(* Consider a network with a source node $SN$, a destination node $DN$ and a finite set of relay nodes (RNs). Let $S$ be the set of legitimate routes, where a legitimate route is a sequence of nodes starting at $SN$, ending at $DN$, and containing each RN at most once. Let $K\ge 1$ and suppose each route (and each sub-route, i.e. any sequence of consecutive links starting at $SN$) $y$ is assigned a utility vector $\mathbf{f}(y)=[f_1(y),\dots,f_K(y)]$ such that, for every $k\in\{1,\dots,K\}$, $$f_k(y)=\sum_{i=1}^{|y|-1} f_k(y_{i,i+1}),$$ where $|y|$ is the number of nodes of $y$, $y_{i,i+1}$ is the link between its $i$-th and $(i+1)$-st nodes, and every link value is positive: $f_k(y_{i,i+1})>0$ for all $k$, $i$ and all routes $y$. Let $x=\{SN\rightarrow \bar{R}_i\rightarrow DN\}\in S$, where $\bar{R}_i$ denotes the (ordered) sequence of RNs of $x$, and let $x'=\{SN\rightarrow\bar{R}_i\}$ be its sub-route (all links of $x$ except the last hop). Suppose there exists a route $x_d=\{SN\rightarrow\bar{R}_j\rightarrow DN\}\in S$ with $\bar{R}_j\neq\bar{R}_i$ that weakly dominates $x'$, i.e. $\mathbf{f}(x_d)\succeq\mathbf{f}(x')$. Then $x$ cannot generate any Pareto-optimal route: every legitimate route $x_g^{(j)}=\{SN\rightarrow\bar{R}_i\rightarrow R_j\rightarrow DN\}$ obtained from $x$ by inserting a single RN $R_j$ between the last RN of $x$ and $DN$ is not Pareto-optimal.
   Context: Dominance (all objectives are to be minimized): for utility vectors $\mathbf{f}(a)=[f_1(a),\dots,f_K(a)]$ and $\mathbf{f}(b)$, $a$ strongly dominates $b$, written $\mathbf{f}(a)\succ\mathbf{f}(b)$, iff $f_k(a)<f_k(b)$ for all $k\in\{1,\dots,K\}$; $a$ weakly dominates $b$, written $\mathbf{f}(a)\succeq\mathbf{f}(b)$, iff $f_k(a)\le f_k(b)$ for all $k$ and $f_{k'}(a)<f_{k'}(b)$ for some $k'$. A route $x\in S$ is Pareto-optimal iff there is no route $y\in S$ with $\mathbf{f}(y)\succ\mathbf{f}(x)$. Route generation: a route $x=\{SN\rightarrow\bar{R}_i\rightarrow DN\}$ generates the route $x_g^{(j)}=\{SN\rightarrow\bar{R}_i\rightarrow R_j\rightarrow DN\}$ by inserting a single relay node $R_j$ between the last RN of $x$ and $DN$. *)

theory Defs
  imports Complex_Main
begin

definition legit_route :: "'a \<Rightarrow> 'a \<Rightarrow> 'a set \<Rightarrow> 'a list \<Rightarrow> bool" where
  "legit_route SN DN R y \<longleftrightarrow>
     length y \<ge> 2 \<and> hd y = SN \<and> last y = DN \<and>
     distinct (butlast (tl y)) \<and> set (butlast (tl y)) \<subseteq> R"

definition route_utility :: "(nat \<Rightarrow> 'a \<Rightarrow> 'a \<Rightarrow> real) \<Rightarrow> nat \<Rightarrow> 'a list \<Rightarrow> real" where
  "route_utility g k y = (\<Sum>i<length y - 1. g k (y ! i) (y ! (i + 1)))"

definition strongly_dominates :: "nat \<Rightarrow> (nat \<Rightarrow> 'r \<Rightarrow> real) \<Rightarrow> 'r \<Rightarrow> 'r \<Rightarrow> bool" where
  "strongly_dominates K f a b \<longleftrightarrow> (\<forall>k\<in>{1..K}. f k a < f k b)"

definition weakly_dominates :: "nat \<Rightarrow> (nat \<Rightarrow> 'r \<Rightarrow> real) \<Rightarrow> 'r \<Rightarrow> 'r \<Rightarrow> bool" where
  "weakly_dominates K f a b \<longleftrightarrow>
     (\<forall>k\<in>{1..K}. f k a \<le> f k b) \<and> (\<exists>k\<in>{1..K}. f k a < f k b)"

definition pareto_optimal :: "nat \<Rightarrow> (nat \<Rightarrow> 'r \<Rightarrow> real) \<Rightarrow> 'r set \<Rightarrow> 'r \<Rightarrow> bool" where
  "pareto_optimal K f S x \<longleftrightarrow> x \<in> S \<and> \<not> (\<exists>y\<in>S. strongly_dominates K f y x)"

end

theory Submission
  imports Defs
begin

text \<open>Link values are positive, so a route costs strictly more than each of its proper prefixes
in every objective. Hence the route \<open>SN \<rightarrow> R\<^sub>i \<rightarrow> R\<^sub>j \<rightarrow> DN\<close> costs more than its prefix
\<open>SN \<rightarrow> R\<^sub>i\<close>, which costs at least as much as \<open>x\<^sub>d\<close>; so \<open>x\<^sub>d\<close> strongly dominates it.\<close>

lemma route_utility_less_append:
  assumes "xs \<noteq> []" and "zs \<noteq> []"
    and "\<forall>i<length (xs @ zs) - 1. g k ((xs @ zs) ! i) ((xs @ zs) ! (i + 1)) > 0"
  shows "route_utility g k xs < route_utility g k (xs @ zs)"
proof -
  let ?t = "\<lambda>i. g k ((xs @ zs) ! i) ((xs @ zs) ! (i + 1))"
  let ?n = "length xs - 1" and ?m = "length (xs @ zs) - 1"
  have "?n < ?m" using assms by (cases xs; cases zs) auto
  have "(\<Sum>i\<in>{?n..<?m}. ?t i) > 0"
    using assms \<open>?n < ?m\<close> by (intro sum_pos) auto
  have "route_utility g k xs = (\<Sum>i<?n. ?t i)"
    unfolding route_utility_def by (rule sum.cong) (auto simp: nth_append)
  also have "\<dots> < (\<Sum>i<?n. ?t i) + (\<Sum>i\<in>{?n..<?m}. ?t i)"
    using \<open>(\<Sum>i\<in>{?n..<?m}. ?t i) > 0\<close> by simp
  also have "\<dots> = route_utility g k (xs @ zs)"
    unfolding route_utility_def lessThan_atLeast0
    using \<open>?n < ?m\<close> by (simp add: sum.atLeastLessThan_concat)
  finally show ?thesis .
qed

lemma strongly_dominates_if_weakly_dominates_less:
  assumes "weakly_dominates K f a b" and "\<forall>k\<in>{1..K}. f k b < f k c"
  shows "strongly_dominates K f a c"
  using assms unfolding weakly_dominates_def strongly_dominates_def by force

theorem proposition1:
  fixes SN DN :: 'a and R :: "'a set" and K :: nat
    and g :: "nat \<Rightarrow> 'a \<Rightarrow> 'a \<Rightarrow> real"
    and S :: "'a list set"
    and rs rs' :: "'a list"
  assumes fin: "finite R"
    and SN_DN: "SN \<noteq> DN" "SN \<notin> R" "DN \<notin> R"
    and S_def: "S = {y. legit_route SN DN R y}"
    and K: "K \<ge> 1"
    and pos: "\<forall>y\<in>S. \<forall>k\<in>{1..K}. \<forall>i<length y - 1. g k (y ! i) (y ! (i + 1)) > 0"
    and x_in: "SN # rs @ [DN] \<in> S"
    and xd_in: "SN # rs' @ [DN] \<in> S"
    and neq: "rs' \<noteq> rs"
    and dom: "weakly_dominates K (route_utility g) (SN # rs' @ [DN]) (SN # rs)"
  shows "\<forall>r. SN # rs @ [r, DN] \<in> S \<longrightarrow>
           \<not> pareto_optimal K (route_utility g) S (SN # rs @ [r, DN])"
proof (intro allI impI)
  fix r assume xg_in: "SN # rs @ [r, DN] \<in> S"
  have "\<forall>k\<in>{1..K}. route_utility g k (SN # rs) < route_utility g k ((SN # rs) @ [r, DN])"
    using pos xg_in by (intro ballI route_utility_less_append) auto
  then have "strongly_dominates K (route_utility g) (SN # rs' @ [DN]) (SN # rs @ [r, DN])"
    using strongly_dominates_if_weakly_dominates_less [OF dom] by simp
  then show "\<not> pareto_optimal K (route_utility g) S (SN # rs @ [r, DN])"
    unfolding pareto_optimal_def using xd_in by blast
qed

end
# # # #
**Your goal**. Return every line from the entries above that includes the word "more".

**Result of the task**.
text \<open>Link values are positive, so a route costs strictly more than each of its proper prefixes
in every objective. Hence the route \<open>SN \<rightarrow> R\<^sub>i \<rightarrow> R\<^sub>j \<rightarrow> DN\<close> costs more than its prefix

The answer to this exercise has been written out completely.